Hab ich längst gemacht, unter Windows 10 kam beim Antecken des Sticks die Meldung, daß der Stick ein Problem habe, hab es da beheben lassen, allerdings hat sich der Windows-PC nicht aufgehängt, daher bin ich nicht absolut sicher, ob es am Stick lag, denn den hatte ich in der Vergangenheit schon duzende male an jedem PC, und nie hat sich einer aufgehängt.
Dazu wimmelt es im Netz nur so vor Meldungen über einfrierende PCs mit Linux Mint und Ubuntu, hat Windows 10 Linux nun auch im Bezug auf Stabilität überholt?


----------



## DKK007 (6. Januar 2017)

Mein Mint ist bisher noch nicht eingefroren. 

Nur über Bluescreens bei Windows schreibt ja keiner mehr. Das ist ja nichts neues. Da wird der Rechner neugestartet und fertig.

Welches Dateisystem hat denn der Stick?


----------



## Tim1974 (7. Januar 2017)

Ich hab ihn jetzt nicht dabei, bin nicht zu Hause, aber bin ziemlich sicher das er FAT32-formatiert ist.

Windows-Bluescreens habe ich aber eigentlich nie, außer als ich zu stark Undervolting betrieben habe, Windows 10 friert mir eigentlich fast nie so ein, wie das bei dem Mint 18 der fall war. Wenn das bei Mint 18 aber auch ein Einzelfall bleiben sollte, kann ich damit leben.
Irritierend fand ich halt nur, daß es beim Laptop meines Vaters genauso bei einem anderen USB-Stick passierte, auch mit Mint 18, dadurch schließe ich ein Hardwareproblem eigentlich aus, dazu paßt auch, daß es im Netz nur so von Meldungen zu "Linux... friert ein" wimmelt.


----------



## DKK007 (9. Januar 2017)

Wobei man ja, wenn sich die Oberfläche aufhängt, noch in den Konsolen-Modus wechseln kann.


----------



## Tim1974 (10. Januar 2017)

DKK007 schrieb:


> Wobei man ja, wenn sich die Oberfläche aufhängt, noch in den Konsolen-Modus wechseln kann.

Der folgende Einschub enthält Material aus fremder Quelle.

definition word_equiv :: "letter list \<Rightarrow> letter list \<Rightarrow> bool" where
  "word_equiv = (\<lambda>u v. red_step u v \<or> red_step v u)\<^sup>*\<^sup>*"

end

theory Submission
  imports Defs
begin

(* For a word tau over the letters 1, 2 the matrix M_tau is the product, read from right to left,
   of the elementary matrices E_1 = [[1,1],[0,1]] and E_2 = [[1,0],[1,1]]. These generate the
   monoid SL_2(N) of nonnegative integer matrices of determinant 1 freely: of the two rows of a
   non-identity element one dominates the other, which tells the last factor (Euclid's algorithm).
   A final admissible word is tau followed by j1^inf ext j2^k j2^inf ext, and since j1 is already
   in X, the trailing letters j2 do not change delta; so M_omega = M_tau and row j2 of M_tau is a
   nonnegative primitive vector. Trailing letters j1 of tau only change row j1 of M_tau, and they
   are removed by the equivalence together with j2^k. What remains of tau is empty or ends in j2,
   and then row j2 of M_tau is the sum of the two rows of a matrix in SL_2(N), which determines
   that matrix and hence the word. *)

lemma num2_neq_1_eq_2: "(j::2) \<noteq> 1 \<Longrightarrow> j = 2"
  using exhaust_2 by blast

lemma num2_cases_of_neq: "(j1::2) \<noteq> j2 \<Longrightarrow> j = j1 \<or> j = j2"
  by (metis exhaust_2)

(* (a, b, c, d) stands for the matrix [[a, b], [c, d]]. *)
type_synonym mat2 = "int \<times> int \<times> int \<times> int"

fun mat2_entry :: "mat2 \<Rightarrow> 2 \<Rightarrow> 2 \<Rightarrow> int" where
  "mat2_entry (a, b, c, d) r s = (if r = 1 then (if s = 1 then a else b) else (if s = 1 then c else d))"

fun mat2_mult :: "mat2 \<Rightarrow> mat2 \<Rightarrow> mat2" where
  "mat2_mult (a, b, c, d) (p, q, r, s) = (a * p + b * r, a * q + b * s, c * p + d * r, c * q + d * s)"

fun sl2_nat :: "mat2 \<Rightarrow> bool" where
  "sl2_nat (a, b, c, d) \<longleftrightarrow> a \<ge> 0 \<and> b \<ge> 0 \<and> c \<ge> 0 \<and> d \<ge> 0 \<and> a * d - b * c = 1"

lemma sl2_nat_entry_nonneg: "sl2_nat m \<Longrightarrow> mat2_entry m r s \<ge> 0"
  by (cases m) auto

lemma sl2_nat_diag_pos: "sl2_nat (a, b, c, d) \<Longrightarrow> a \<ge> 1 \<and> d \<ge> 1"
proof -
  assume m: "sl2_nat (a, b, c, d)"
  then have "a * d = 1 + b * c" "b * c \<ge> 0" by simp_all
  then have "a * d \<ge> 1" by linarith
  then have "a \<noteq> 0" "d \<noteq> 0" by auto
  then show ?thesis using m by simp
qed

lemma sl2_nat_entry_diag_pos: "sl2_nat m \<Longrightarrow> mat2_entry m r r \<ge> 1"
proof (cases m)
  case (fields a b c d)
  assume "sl2_nat m"
  then have "a \<ge> 1 \<and> d \<ge> 1" using fields sl2_nat_diag_pos by simp
  then show ?thesis using fields by (auto dest: num2_neq_1_eq_2)
qed

lemma sl2_nat_row_sum_pos: "sl2_nat m \<Longrightarrow> mat2_entry m 1 i + mat2_entry m 2 i \<ge> 1"
proof (cases m)
  case (fields a b c d)
  assume "sl2_nat m"
  then have "a \<ge> 1 \<and> d \<ge> 1 \<and> b \<ge> 0 \<and> c \<ge> 0" using fields sl2_nat_diag_pos by simp
  then show ?thesis using fields by auto
qed

lemma coprime_of_lincomb_eq_1: "u * x + v * y = (1::int) \<Longrightarrow> coprime x y"
proof (rule coprimeI)
  fix c assume "u * x + v * y = 1" "c dvd x" "c dvd y"
  then have "c dvd 1" by (metis dvd_add dvd_mult)
  then show "is_unit c" by simp
qed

Nur wie, wenn die Tastatur und Maus tot sind?
Bei mir ging ja nichtmal mehr Alt+Druck+B oder Alt+Druck+O!


----------



## grasshopper_1975 (20. Januar 2017)

Du kannst ja auch versuchen die Daten vom Stick zu sichern, den Stick auf NTFS zu formatieren und den dann zu benutzen (vorraus gesetzt Du hast ntfs-3g installiert, damit das System damit arbeiten kann).
Oder einfach mal den Stick unter Windows einstecken und den richtig zu entfernen, einige Distributionen haben Probleme damit, auf nen Datenträger zu zugreifen, die nicht richtig unter anderen Systemen
ge-umountet wurden.


----------



## Tim1974 (21. Januar 2017)

Ich hab ihn ja unter Windows 10 "reparieren" lassen und seitdem funktioniert er auch unter beiden Systemen, allerdings tat er das zuvor auch, abgesehen von dem einen mal wo das Linux-System komplett einfror.

Ich wüßte halt gerne woran das lag, ob ein Stick so "mächtig" ist, daß er gleich den ganzen Rechner einfrieren lassen kann, ist da der USB-Treiber gecrashed oder noch was anderes?
Oder könnte das Mainboard eventuell sogar einen Defekt haben?
Oder lag es daran, daß der Stick für den gewünschten Kopiervorgang zu voll war und das Linux-System damit nicht richtig umgehen konnte?


----------



## grasshopper_1975 (21. Januar 2017)

Wenn der Stick zu voll gewesen wäre, dann hätte dir das dein System mitgeteilt... sehr viele Sachen von Windows kommen schließlich von Unix- bzw. Linux-Distributionen.
Aber was den Stick selbst angeht, mein MacBook und mein Laptop mit Debian 8 drauf machen auch Probleme, wenn ein USB-Stick einfach abgezogen wurde, ohne vorher
richtig entfernt worden zu sein.
Das Du nen Hardwaredefekt hast, davon würde Ich mal sowas von garnicht ausgehen, sonst hättest Du öfter Probleme mit USB-Sticks, also mit so ziehmlich allen die Du
anschließt oder daran benuzt.


----------



## Tim1974 (22. Januar 2017)

Wie gesagt, das Problem trat nicht beim abziehen des Sticks auf, ich hab da gerade Datensicherung auf 2 USB Sticks gemacht, es gelang problemlos die Datein auf den einen Stick zu kopieren, dann hab ich diesen ausgeworfen und den anderen Stick angesteckt, erstmal konnte ich noch den Ordner öffnen, dann hab ich mit dem kopieren begonnen und mich gewundert, warum der Mauszeiger weg ist, dann gemerkt, daß auch die Tastatur komplett tot ist, nichtmal ATL+DRUCK+B oder ALT+DRUCK+O zeigten mehr Wirkung!

Warum ich auf die Idee mit dem Hardwaredefekt komme?
Zum einen weil ich es nur äußerst selten erlebt habe, daß ein PC komplett einfriert, meist war dann ein Hardwaredefekt die Ursache, allerdings selten auch mal Treiberprobleme (vorallem der Grafikkarte).
Diesen PC der einfror, den habe ich seit 2011 und zuletzt viel drann rumgebastelt, Mainboard ausgebaut, anderen CPU-Kühler rauf usw. darum war ich in Sorge, er könnte dadurch einen weg haben.
Allerdings läuft er bis auf den einen Freeze absolut problemlos und unauffällig.


----------